At the end of the third week of May, the dollar moved higher despite optimism over a resolution to the debt crisis in the United States, which has the necessary funds approved for its obligations until June 1.
Minutes after resuming operations in Colombia, the dollar opened at $4,511.50, below the market representative rate (TRM) at $4,521.64 for this Friday, May 19. However, after the first few minutes of trading, the dollar had already climbed over $4.
Brightness in the markets
Markets welcomed optimism that leaders in Washington are close to a deal to raise the debt ceiling, spurring a broad rally in stocks from Europe to Japan on Friday.
The DAX index was on course for its first high since January 2022, oil would end its best week since mid-April and the Nikkei 225 closed at a 33-year high as momentum turned on Wall Street. S&P 500 futures climbed 0.3% after the gauge hit a nine-month high on Thursday.
In a call from Japan early Friday, President Joe Biden told his negotiating team he was confident Congress would act in time to prevent the default, according to a White House official.
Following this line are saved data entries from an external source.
(* Let $n\ge2$, let $\mathbb{K}$ be a field of characteristic not $2,3$ containing a primitive $n$-th root of unity $\epsilon_n$, and let $\mathscr{C}_n=\mathbb{K}[z]/(z^n-1)$ with multiplication $p(z)\circ q(z)=p(\epsilon_nz)q(\epsilon_nz)\mod z^n-1$. Let $\Delta(p)=p(1)p(\epsilon_n)\cdots p(\epsilon_n^{n-1})$. If $p$ is a nonzero idempotent of $(\mathscr{C}_n,\circ)$ with $p\not\equiv1$, then $\Delta(p)=1$, and the set of distinct eigenvalues of $L^\circ_p:q\mapsto p\circ q$ is exactly $\{\epsilon_n^i:0\le i\le n-1\}$. In particular, every nonzero idempotent of $\mathscr{C}_n$ is semi-simple.
   Context: An idempotent $p$ is semi-simple if $\mathscr{C}_n$ is the direct sum of the eigenspaces of $L^\circ_p$. *)

theory Defs
  imports "HOL-Computational_Algebra.Polynomial"
begin

text \<open>The algebra C_n = K[z]/(z^n - 1) is represented by its canonical
representatives: polynomials of degree < n (i.e. reduced mod z^n - 1).\<close>

definition Cn :: "nat \<Rightarrow> 'a::field poly set" where
  "Cn n = {p. p mod (monom 1 n - 1) = p}"

definition circ :: "'a::field \<Rightarrow> nat \<Rightarrow> 'a poly \<Rightarrow> 'a poly \<Rightarrow> 'a poly" where
  "circ e n p q = (pcompose p [:0, e:] * pcompose q [:0, e:]) mod (monom 1 n - 1)"

definition primitive_root :: "nat \<Rightarrow> 'a::field \<Rightarrow> bool" where
  "primitive_root n e \<longleftrightarrow> e ^ n = 1 \<and> (\<forall>k. 0 < k \<and> k < n \<longrightarrow> e ^ k \<noteq> 1)"

definition Delta :: "'a::field \<Rightarrow> nat \<Rightarrow> 'a poly \<Rightarrow> 'a" where
  "Delta e n p = (\<Prod>i<n. poly p (e ^ i))"

definition idempotent :: "'a::field \<Rightarrow> nat \<Rightarrow> 'a poly \<Rightarrow> bool" where
  "idempotent e n p \<longleftrightarrow> p \<in> Cn n \<and> circ e n p p = p"

definition eigenspace :: "'a::field \<Rightarrow> nat \<Rightarrow> 'a poly \<Rightarrow> 'a \<Rightarrow> 'a poly set" where
  "eigenspace e n p l = {q \<in> Cn n. circ e n p q = smult l q}"

definition eigenvalues :: "'a::field \<Rightarrow> nat \<Rightarrow> 'a poly \<Rightarrow> 'a set" where
  "eigenvalues e n p = {l. \<exists>q \<in> eigenspace e n p l. q \<noteq> 0}"

text \<open>Semi-simple: C_n is the (internal) direct sum of the eigenspaces of L_p,
  i.e. every element decomposes uniquely as a sum of eigenvectors, one from each
  eigenspace.\<close>
definition semi_simple :: "'a::field \<Rightarrow> nat \<Rightarrow> 'a poly \<Rightarrow> bool" where
  "semi_simple e n p \<longleftrightarrow> finite (eigenvalues e n p) \<and>
     (\<forall>q \<in> Cn n. \<exists>!f. (\<forall>l \<in> eigenvalues e n p. f l \<in> eigenspace e n p l)
        \<and> (\<forall>l. l \<notin> eigenvalues e n p \<longrightarrow> f l = 0)
        \<and> q = (\<Sum>l \<in> eigenvalues e n p. f l))"

end

theory Submission
  imports Defs
begin

(*
  Evaluation at the powers of e identifies C_n with K^n, and
  (p o q)(e^j) = p(e^(j+1)) q(e^(j+1)).  For an idempotent p \<noteq> 0 the values
  a_j = p(e^j) therefore satisfy a_j = a_(j+1)^2, so they are all nonzero and
  Delta(p) = Delta(p)^2 = 1.  In the rescaled coordinates a_1 ... a_j q(e^j), left
  multiplication by p is the cyclic shift of K^n (it closes up because
  a_1 ... a_n = Delta(p) = 1), whose eigenvalues are the n-th roots of unity, each
  with a line as eigenspace; discrete Fourier inversion over these roots gives the
  eigenspace decomposition.
*)

lemma geometric_sum_root_of_unity:
  fixes x :: "'a::field"
  assumes "x ^ n = 1"
  shows "(\<Sum>i<n. x ^ i) = (if x = 1 then of_nat n else 0)"
  using geometric_sum[of x n] assms by auto

lemma prod_lessThan_Suc_periodic:
  fixes f :: "nat \<Rightarrow> 'a::comm_monoid_mult"
  assumes "f n = f 0"
  shows "(\<Prod>i<n. f (Suc i)) = (\<Prod>i<n. f i)"
proof (cases n)
  case (Suc m)
  have "(\<Prod>i<Suc m. f (Suc i)) = (\<Prod>i<m. f (Suc i)) * f (Suc m)"
    by (rule prod.lessThan_Suc)
  also have "\<dots> = f 0 * (\<Prod>i<m. f (Suc i))"
    using assms Suc by (simp add: mult.commute)
  also have "\<dots> = (\<Prod>i<Suc m. f i)"
    by (rule prod.lessThan_Suc_shift[symmetric])
  finally show ?thesis
    using Suc by simp
qed simp

lemma smult_eq_smult_iff:
  fixes v :: "'a::idom poly"
  assumes "v \<noteq> 0"
  shows "smult a v = smult b v \<longleftrightarrow> a = b"
proof -
  have "smult a v = smult b v \<longleftrightarrow> smult (a - b) v = 0"
    by (simp add: smult_diff_left)
  with assms show ?thesis by simp
qed

definition lagrange_interpolant :: "(nat \<Rightarrow> 'a::field) \<Rightarrow> (nat \<Rightarrow> 'a) \<Rightarrow> nat \<Rightarrow> 'a poly" where
  "lagrange_interpolant x y n =
     (\<Sum>j<n. smult (y j / (\<Prod>k\<in>{..<n}-{j}. x j - x k)) (\<Prod>k\<in>{..<n}-{j}. [:- x k, 1:]))"

lemma degree_lagrange_interpolant:
  assumes "0 < n"
  shows "degree (lagrange_interpolant x y n) < n"
proof -
  have "degree (lagrange_interpolant x y n) \<le> n - 1"
    unfolding lagrange_interpolant_def
  proof (rule degree_sum_le)
    fix j assume j: "j \<in> {..<n}"
    have "degree (\<Prod>k\<in>{..<n}-{j}. [:- x k, 1:]) \<le> (\<Sum>k\<in>{..<n}-{j}. degree [:- x k, 1:])"
      using degree_prod_sum_le[of "{..<n}-{j}" "\<lambda>k. [:- x k, 1:]"] by (simp add: o_def)
    also have "\<dots> = n - 1" using j by simp
    finally show "degree (smult (y j / (\<Prod>k\<in>{..<n}-{j}. x j - x k))
                    (\<Prod>k\<in>{..<n}-{j}. [:- x k, 1:])) \<le> n - 1"
      using degree_smult_le order_trans by blast
  qed simp
  with assms show ?thesis by linarith
qed

lemma poly_lagrange_interpolant:
  assumes "inj_on x {..<n}" "i < n"
  shows "poly (lagrange_interpolant x y n) (x i) = y i"
proof -
  have "poly (smult (y j / (\<Prod>k\<in>{..<n}-{j}. x j - x k)) (\<Prod>k\<in>{..<n}-{j}. [:- x k, 1:])) (x i)
      = (if j = i then y i else 0)" if "j < n" for j
  proof (cases "j = i")
    case True
    have "(\<Prod>k\<in>{..<n}-{i}. x i - x k) \<noteq> 0"
      using assms by (auto simp: inj_on_def)
    with True show ?thesis by (simp add: poly_prod)
  next
    case False
    have "(\<Prod>k\<in>{..<n}-{j}. x i - x k) = 0"
      by (rule prod_zero) (use False assms(2) in auto)
    with False show ?thesis by (simp add: poly_prod)
  qed
  then show ?thesis
    using assms(2) by (simp add: lagrange_interpolant_def poly_sum)
qed

lemma degree_monom_minus_one:
  assumes "0 < n"
  shows "degree (monom (1::'a::field) n - 1) = n"
proof -
  have "degree (monom (1::'a) n + - 1) = n"
    using assms by (subst degree_add_eq_left) (auto simp: degree_monom_eq)
  then show ?thesis by simp
qed

lemma Cn_iff_degree:
  assumes "0 < n"
  shows "p \<in> Cn n \<longleftrightarrow> degree (p::'a::field poly) < n"
proof
  assume "p \<in> Cn n"
  then have p_mod: "p mod (monom 1 n - 1) = p" by (simp add: Cn_def)
  have "monom (1::'a) n - 1 \<noteq> 0"
    using degree_monom_minus_one[OF assms] assms by (metis degree_0 less_irrefl)
  then have "p = 0 \<or> degree p < degree (monom (1::'a) n - 1)"
    using degree_mod_less p_mod by metis
  then show "degree p < n"
    using assms by (auto simp: degree_monom_minus_one)
next
  assume "degree p < n"
  then show "p \<in> Cn n"
    by (simp add: Cn_def mod_poly_less degree_monom_minus_one[OF assms])
qed

lemma Cn_mod: "q mod (monom 1 n - 1) \<in> Cn n"
  by (simp add: Cn_def)

lemma Cn_smult: "q \<in> Cn n \<Longrightarrow> smult c q \<in> Cn n"
  by (simp add: Cn_def mod_smult_left)

lemma Cn_sum: "(\<And>x. x \<in> S \<Longrightarrow> f x \<in> Cn n) \<Longrightarrow> sum f S \<in> Cn n"
proof (induction S rule: infinite_finite_induct)
  case (insert x F)
  then show ?case by (simp add: Cn_def poly_mod_add_left)
qed (auto simp: Cn_def)

lemma poly_mod_root_of_unity:
  fixes x :: "'a::field"
  assumes "x ^ n = 1"
  shows "poly (q mod (monom 1 n - 1)) x = poly q x"
proof -
  have "poly (monom 1 n - 1) x = 0"
    using assms by (simp add: poly_monom)
  then show ?thesis
    by (simp flip: minus_div_mult_eq_mod)
qed

lemma poly_circ:
  fixes x :: "'a::field"
  assumes "x ^ n = 1"
  shows "poly (circ e n p q) x = poly p (e * x) * poly q (e * x)"
  using assms by (simp add: circ_def poly_mod_root_of_unity poly_pcompose mult.commute)

lemma smult_in_eigenspace: "q \<in> eigenspace e n p l \<Longrightarrow> smult c q \<in> eigenspace e n p l"
  by (simp add: eigenspace_def circ_def pcompose_smult Cn_smult mod_smult_left mult.commute)

locale primitive_nth_root =
  fixes e :: "'a::field" and n :: nat
  assumes primitive: "primitive_root n e" and order_pos: "0 < n"
begin

lemma power_order: "e ^ n = 1"
  using primitive by (simp add: primitive_root_def)

lemma root_nonzero: "e \<noteq> 0"
  using power_order order_pos by (cases n) auto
House Speaker Kevin McCarthy and Senate Majority Leader Chuck Schumer plan to vote on the bipartisan deal in the coming days.
Oil advance
Oil was headed for its first weekly gain in more than a month on optimism that the United States would reach an agreement to raise its debt limit and avoid a catastrophic default.
West Texas Intermediate (WTI) futures climbed above $72 a barrel, extending this week’s gains to nearly 3%. US House Speaker Kevin McCarthy said later this week negotiators could reach an agreement in principle.